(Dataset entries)
________________________________________
(* Let $h$ be a Hessenberg function on $\{1,\dots,n\}$ with degree tuple $(\beta_n,\dots,\beta_1)$, and let $R=\mathbb{Z}[x_1,\dots,x_n]$. Then $R/J_h$ is a free $\mathbb{Z}$-module with basis (the images of) the monomials $$\mathcal{B}_h=\{x_1^{\alpha_1}x_2^{\alpha_2}\cdots x_n^{\alpha_n} : 0\le\alpha_i\le\beta_i-1,\ i=1,\dots,n\}.$$
   Context: A Hessenberg function is a map $h:\{1,\dots,n\}\to\{1,\dots,n\}$, $h_i:=h(i)$, with $i\le h_i\le n$ for all $i$ and $h_i\le h_{i+1}$ for $1\le i\le n-1$. Its degree tuple is $(\beta_n,\beta_{n-1},\dots,\beta_1)$ with $\beta_i=i-\#\{k: h_k<i\}$. For a set $S$ of variables, $\tilde e_r(S)$ denotes the complete homogeneous symmetric polynomial of degree $r$ in $S$ (sum of all degree-$r$ monomials in $S$, e.g. $\tilde e_2(x_3,x_4)=x_3^2+x_3x_4+x_4^2$). The ideal is $J_h=\langle \tilde e_{\beta_n}(x_n),\tilde e_{\beta_{n-1}}(x_{n-1},x_n),\dots,\tilde e_{\beta_1}(x_1,\dots,x_n)\rangle\subseteq R$, i.e. the $i$-th generator is $\tilde e_{\beta_i}(x_i,x_{i+1},\dots,x_n)$. *)

theory Defs
  imports Main "HOL-Library.Poly_Mapping"
begin

text \<open>Multivariate polynomials over the integers in variables x_1, x_2, ...:
  a polynomial is a finitely supported map from exponent vectors
  (finitely supported maps nat to nat) to integer coefficients.\<close>
type_synonym mpoly_int = "(nat \<Rightarrow>\<^sub>0 nat) \<Rightarrow>\<^sub>0 int"

definition monomial :: "(nat \<Rightarrow>\<^sub>0 nat) \<Rightarrow> mpoly_int" where
  "monomial \<alpha> = Poly_Mapping.single \<alpha> 1"

definition in_R :: "nat \<Rightarrow> mpoly_int \<Rightarrow> bool" where
  "in_R n p \<longleftrightarrow> (\<forall>\<alpha>\<in>Poly_Mapping.keys p. Poly_Mapping.keys \<alpha> \<subseteq> {1..n})"

definition is_hessenberg :: "nat \<Rightarrow> (nat \<Rightarrow> nat) \<Rightarrow> bool" where
  "is_hessenberg n h \<longleftrightarrow>
     (\<forall>i\<in>{1..n}. i \<le> h i \<and> h i \<le> n) \<and>
     (\<forall>i. 1 \<le> i \<and> i < n \<longrightarrow> h i \<le> h (Suc i))"

definition hess_beta :: "nat \<Rightarrow> (nat \<Rightarrow> nat) \<Rightarrow> nat \<Rightarrow> nat" where
  "hess_beta n h i = i - card {k \<in> {1..n}. h k < i}"

definition complete_hom :: "nat \<Rightarrow> nat set \<Rightarrow> mpoly_int" where
  "complete_hom r S =
     (\<Sum>\<alpha> \<in> {\<alpha>. Poly_Mapping.keys \<alpha> \<subseteq> S \<and> (\<Sum>j\<in>S. Poly_Mapping.lookup \<alpha> j) = r}. monomial \<alpha>)"

definition hess_ideal :: "nat \<Rightarrow> (nat \<Rightarrow> nat) \<Rightarrow> mpoly_int set" where
  "hess_ideal n h =
     {(\<Sum>i=1..n. c i * complete_hom (hess_beta n h i) {i..n}) | c. \<forall>i\<in>{1..n}. in_R n (c i)}"

definition hess_basis_exps :: "nat \<Rightarrow> (nat \<Rightarrow> nat) \<Rightarrow> (nat \<Rightarrow>\<^sub>0 nat) set" where
  "hess_basis_exps n h =
     {\<alpha>. Poly_Mapping.keys \<alpha> \<subseteq> {1..n} \<and> (\<forall>i\<in>{1..n}. Poly_Mapping.lookup \<alpha> i \<le> hess_beta n h i - 1)}"

end

theory Submission
  imports Defs "HOL-Computational_Algebra.Polynomial"
begin

(* Proof idea: a triangular Groebner-type reduction.
   Write g_k = e~_{beta_k}(x_k,...,x_n).  Grouping by the exponent of x_k,
     g_k = sum_{j <= beta_k} e~_{beta_k - j}(x_{k+1},...,x_n) * x_k^j,
   so g_k is a MONIC polynomial of degree beta_k in x_k whose coefficients only involve
   x_{k+1},...,x_n, and beta_k >= 1 for a Hessenberg function.  Division by g_k with respect
   to x_k therefore yields a unique remainder rem_k f of x_k-degree < beta_k; rem_k is additive
   and commutes with multiplication by polynomials free of x_k.  Applying rem_1, ..., rem_n
   in turn gives a normal form nf f with f - nf f in J_h, all monomials of nf f in B_h,
   nf vanishing on J_h, and nf fixing every integer combination of B_h.
   Spanning and linear independence of B_h modulo J_h follow immediately. *)

abbreviation lookup where "lookup \<equiv> Poly_Mapping.lookup"
abbreviation keys where "keys \<equiv> Poly_Mapping.keys"
abbreviation single where "single \<equiv> Poly_Mapping.single"

definition vars_in :: "nat set \<Rightarrow> mpoly_int \<Rightarrow> bool" where
  "vars_in S p \<longleftrightarrow> (\<forall>\<gamma>\<in>keys p. keys \<gamma> \<subseteq> S)"

definition deg_less :: "nat \<Rightarrow> nat \<Rightarrow> mpoly_int \<Rightarrow> bool" where
  "deg_less k b p \<longleftrightarrow> (\<forall>\<gamma>\<in>keys p. lookup \<gamma> k < b)"

definition var :: "nat \<Rightarrow> mpoly_int" where
  "var k = single (single k 1) 1"

definition at_var :: "nat \<Rightarrow> mpoly_int poly \<Rightarrow> mpoly_int" where
  "at_var k P = poly P (var k)"

definition strip :: "nat \<Rightarrow> (nat \<Rightarrow>\<^sub>0 nat) \<Rightarrow> (nat \<Rightarrow>\<^sub>0 nat)" where
  "strip k \<gamma> = \<gamma> - single k (lookup \<gamma> k)"

lemma lookup_strip: "lookup (strip k \<gamma>) i = (if i = k then 0 else lookup \<gamma> i)"
  by (simp add: strip_def lookup_minus lookup_single when_def)

lemma strip_add: "strip k \<gamma> + single k (lookup \<gamma> k) = \<gamma>"
  by (rule poly_mapping_eqI) (simp add: lookup_add lookup_strip lookup_single when_def)

lemma keys_strip: "keys (strip k \<gamma>) = keys \<gamma> - {k}"
  by (auto simp: in_keys_iff lookup_strip split: if_splits)

lemma keys_add_exps: "keys ((a::nat \<Rightarrow>\<^sub>0 nat) + b) = keys a \<union> keys b"
  by (simp add: set_eq_iff in_keys_iff lookup_add)

lemma vars_in_0 [simp]: "vars_in S 0"
  by (simp add: vars_in_def)

lemma vars_in_1 [simp]: "vars_in S 1"
  by (simp add: vars_in_def)

lemma vars_in_add: "vars_in S p \<Longrightarrow> vars_in S q \<Longrightarrow> vars_in S (p + q)"
  unfolding vars_in_def using keys_add[of p q] by (meson Un_iff subsetD)

lemma vars_in_diff: "vars_in S p \<Longrightarrow> vars_in S q \<Longrightarrow> vars_in S (p - q)"
  unfolding vars_in_def using keys_diff[of p q] by (meson Un_iff subsetD)

lemma vars_in_mult:
  assumes "vars_in S p" "vars_in S q"
  shows "vars_in S (p * q)"
  unfolding vars_in_def
proof
  fix \<gamma> assume "\<gamma> \<in> keys (p * q)"
  then obtain a b where "a \<in> keys p" "b \<in> keys q" "\<gamma> = a + b"
    using keys_mult[of p q] by blast
  then show "keys \<gamma> \<subseteq> S" using assms unfolding vars_in_def by (auto simp: keys_add_exps)
qed

lemma vars_in_sum: "(\<And>i. i \<in> A \<Longrightarrow> vars_in S (f i)) \<Longrightarrow> vars_in S (sum f A)"
  by (induction A rule: infinite_finite_induct) (auto intro: vars_in_add)

lemma vars_in_pow: "vars_in S p \<Longrightarrow> vars_in S (p ^ m)"
  by (induction m) (simp_all add: vars_in_mult)

lemma vars_in_mono: "vars_in S p \<Longrightarrow> S \<subseteq> T \<Longrightarrow> vars_in T p"
  unfolding vars_in_def by blast

lemma vars_in_single: "keys \<gamma> \<subseteq> S \<Longrightarrow> vars_in S (single \<gamma> c)"
  unfolding vars_in_def by simp

lemma vars_in_var: "k \<in> S \<Longrightarrow> vars_in S (var k)"
  unfolding var_def by (rule vars_in_single) simp

lemma in_R_iff_vars_in: "in_R n p \<longleftrightarrow> vars_in {1..n} p"
  by (simp add: in_R_def vars_in_def)

lemma deg_less_0 [simp]: "deg_less k b 0"
  by (simp add: deg_less_def)

lemma deg_less_add: "deg_less k b p \<Longrightarrow> deg_less k b q \<Longrightarrow> deg_less k b (p + q)"
  unfolding deg_less_def using keys_add[of p q] by (meson Un_iff subsetD)

lemma deg_less_diff: "deg_less k b p \<Longrightarrow> deg_less k b q \<Longrightarrow> deg_less k b (p - q)"
  unfolding deg_less_def using keys_diff[of p q] by (meson Un_iff subsetD)

lemma deg_less_sum: "(\<And>i. i \<in> A \<Longrightarrow> deg_less k b (f i)) \<Longrightarrow> deg_less k b (sum f A)"
  by (induction A rule: infinite_finite_induct) (auto intro: deg_less_add)

lemma deg_less_free_mult:
  assumes "vars_in (- {k}) p" "deg_less k b q"
  shows "deg_less k b (p * q)"
  unfolding deg_less_def
proof
  fix \<gamma> assume "\<gamma> \<in> keys (p * q)"
  then obtain x y where xy: "x \<in> keys p" "y \<in> keys q" "\<gamma> = x + y"
    using keys_mult[of p q] by blast
  have "lookup x k = 0" using assms(1) xy(1) unfolding vars_in_def by (auto simp: in_keys_iff)
  then show "lookup \<gamma> k < b" using assms(2) xy unfolding deg_less_def by (simp add: lookup_add)
qed

lemma var_pow: "var k ^ m = single (single k m) 1"
  by (induction m) (simp_all add: var_def mult_single flip: single_add)

lemma sum_of_terms: "f = (\<Sum>\<gamma>\<in>keys f. single \<gamma> (lookup f \<gamma>))"
  by (rule poly_mapping_eqI) (simp add: lookup_sum lookup_single when_def in_keys_iff)

lemma sum_of_terms_in_var:
  "f = (\<Sum>\<gamma>\<in>keys f. single (strip k \<gamma>) (lookup f \<gamma>) * var k ^ lookup \<gamma> k)"
proof -
  have "(\<Sum>\<gamma>\<in>keys f. single (strip k \<gamma>) (lookup f \<gamma>) * var k ^ lookup \<gamma> k)
      = (\<Sum>\<gamma>\<in>keys f. single \<gamma> (lookup f \<gamma>))"
    by (rule sum.cong) (simp_all add: var_pow mult_single strip_add)
  then show ?thesis using sum_of_terms[of f] by simp
qed

lemma finite_bounded_exps:
  assumes "finite S"
  shows "finite {\<alpha> :: nat \<Rightarrow>\<^sub>0 nat. keys \<alpha> \<subseteq> S \<and> (\<forall>i. lookup \<alpha> i \<le> M)}"
    (is "finite ?E")
proof -
  let ?F = "{f :: nat \<Rightarrow> nat. \<forall>x. (x \<in> S \<longrightarrow> f x \<in> {0..M}) \<and> (x \<notin> S \<longrightarrow> f x = 0)}"
  have "finite ?F" using assms by (intro finite_set_of_finite_funs) auto
  moreover have "lookup ` ?E \<subseteq> ?F" by (auto simp: in_keys_iff)
  ultimately have "finite (lookup ` ?E)" by (rule finite_subset[rotated])
  moreover have "inj_on lookup ?E" by (rule inj_onI, rule poly_mapping_eqI) simp
  ultimately show ?thesis by (rule finite_imageD)
qed

lemma vars_in_single_strip: "vars_in (- {k}) (single (strip k \<gamma>) c)"
  by (rule vars_in_single) (auto simp: keys_strip)

lemma monic_division_in_subring:
  fixes G :: "'a::comm_ring_1 poly"
  assumes A0: "A 0" and A_add: "\<And>x y. A x \<Longrightarrow> A y \<Longrightarrow> A (x + y)"
    and A_diff: "\<And>x y. A x \<Longrightarrow> A y \<Longrightarrow> A (x - y)"
    and A_mult: "\<And>x y. A x \<Longrightarrow> A y \<Longrightarrow> A (x * y)"
    and A_G: "\<And>j. A (coeff G j)" and monic: "lead_coeff G = 1" and deg_G: "1 \<le> degree G"
    and A_P: "\<And>j. A (coeff P j)"
  shows "\<exists>Q R. (\<forall>j. A (coeff Q j)) \<and> (\<forall>j. A (coeff R j)) \<and> P = G * Q + R \<and> degree R < degree G"
  using A_P
proof (induction "degree P" arbitrary: P rule: less_induct)
  case less
  have A_sum: "A (sum f S)" if "\<And>i. i \<in> S \<Longrightarrow> A (f i)" for f and S :: "nat set"
    using that by (induction S rule: infinite_finite_induct) (auto simp: A0 A_add)
  have A_coeff_mult: "A (coeff (p * q) j)" if "\<And>j. A (coeff p j)" "\<And>j. A (coeff q j)" for p q j
    unfolding coeff_mult by (rule A_sum) (simp add: A_mult that)
  show ?case
  proof (cases "degree P < degree G")
    case True
    then show ?thesis using less.prems A0 by (intro exI[of _ 0] exI[of _ P]) simp
  next
    case False
    text \<open>Cancel the leading term of P by a monomial multiple of G and recurse.\<close>
    define m where "m = degree P - degree G"
    define c where "c = lead_coeff P"
    define P' where "P' = P - monom c m * G"
    have lead_cancel: "coeff (monom c m * G) (degree P) = c"
      using False monic by (simp add: coeff_monom_mult m_def)
    have "degree (monom c m * G) \<le> degree P"
      using degree_mult_le[of "monom c m" G] degree_monom_le[of c m] False m_def by linarith
    then have "degree P' \<le> degree P" unfolding P'_def by (simp add: degree_diff_le)
    moreover have "coeff P' (degree P) = 0" unfolding P'_def using lead_cancel c_def by simp
    moreover have "0 < degree P" using False deg_G by linarith
    ultimately have smaller: "degree P' < degree P"
      by (metis leading_coeff_0_iff le_neq_implies_less degree_0)
    have "A (coeff P' j)" for j
      unfolding P'_def coeff_diff using less.prems A_G A_coeff_mult A0 c_def A_diff by simp
    then obtain Q R where QR: "\<forall>j. A (coeff Q j)" "\<forall>j. A (coeff R j)" "P' = G * Q + R"
        "degree R < degree G"
      using less.hyps[OF smaller] by blast
    have "P = G * (Q + monom c m) + R" using QR(3) unfolding P'_def by (simp add: algebra_simps)
    moreover have "A (coeff (Q + monom c m) j)" for j
      using QR(1) less.prems c_def A0 A_add by simp
    ultimately show ?thesis using QR by blast
  qed
qed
________________________________________
Return only the lines above that run from the opening line through the line containing "a polynomial is", exactly as written.

(* Let $h$ be a Hessenberg function on $\{1,\dots,n\}$ with degree tuple $(\beta_n,\dots,\beta_1)$, and let $R=\mathbb{Z}[x_1,\dots,x_n]$. Then $R/J_h$ is a free $\mathbb{Z}$-module with basis (the images of) the monomials $$\mathcal{B}_h=\{x_1^{\alpha_1}x_2^{\alpha_2}\cdots x_n^{\alpha_n} : 0\le\alpha_i\le\beta_i-1,\ i=1,\dots,n\}.$$
   Context: A Hessenberg function is a map $h:\{1,\dots,n\}\to\{1,\dots,n\}$, $h_i:=h(i)$, with $i\le h_i\le n$ for all $i$ and $h_i\le h_{i+1}$ for $1\le i\le n-1$. Its degree tuple is $(\beta_n,\beta_{n-1},\dots,\beta_1)$ with $\beta_i=i-\#\{k: h_k<i\}$. For a set $S$ of variables, $\tilde e_r(S)$ denotes the complete homogeneous symmetric polynomial of degree $r$ in $S$ (sum of all degree-$r$ monomials in $S$, e.g. $\tilde e_2(x_3,x_4)=x_3^2+x_3x_4+x_4^2$). The ideal is $J_h=\langle \tilde e_{\beta_n}(x_n),\tilde e_{\beta_{n-1}}(x_{n-1},x_n),\dots,\tilde e_{\beta_1}(x_1,\dots,x_n)\rangle\subseteq R$, i.e. the $i$-th generator is $\tilde e_{\beta_i}(x_i,x_{i+1},\dots,x_n)$. *)

theory Defs
  imports Main "HOL-Library.Poly_Mapping"
begin

text \<open>Multivariate polynomials over the integers in variables x_1, x_2, ...:
  a polynomial is a finitely supported map from exponent vectors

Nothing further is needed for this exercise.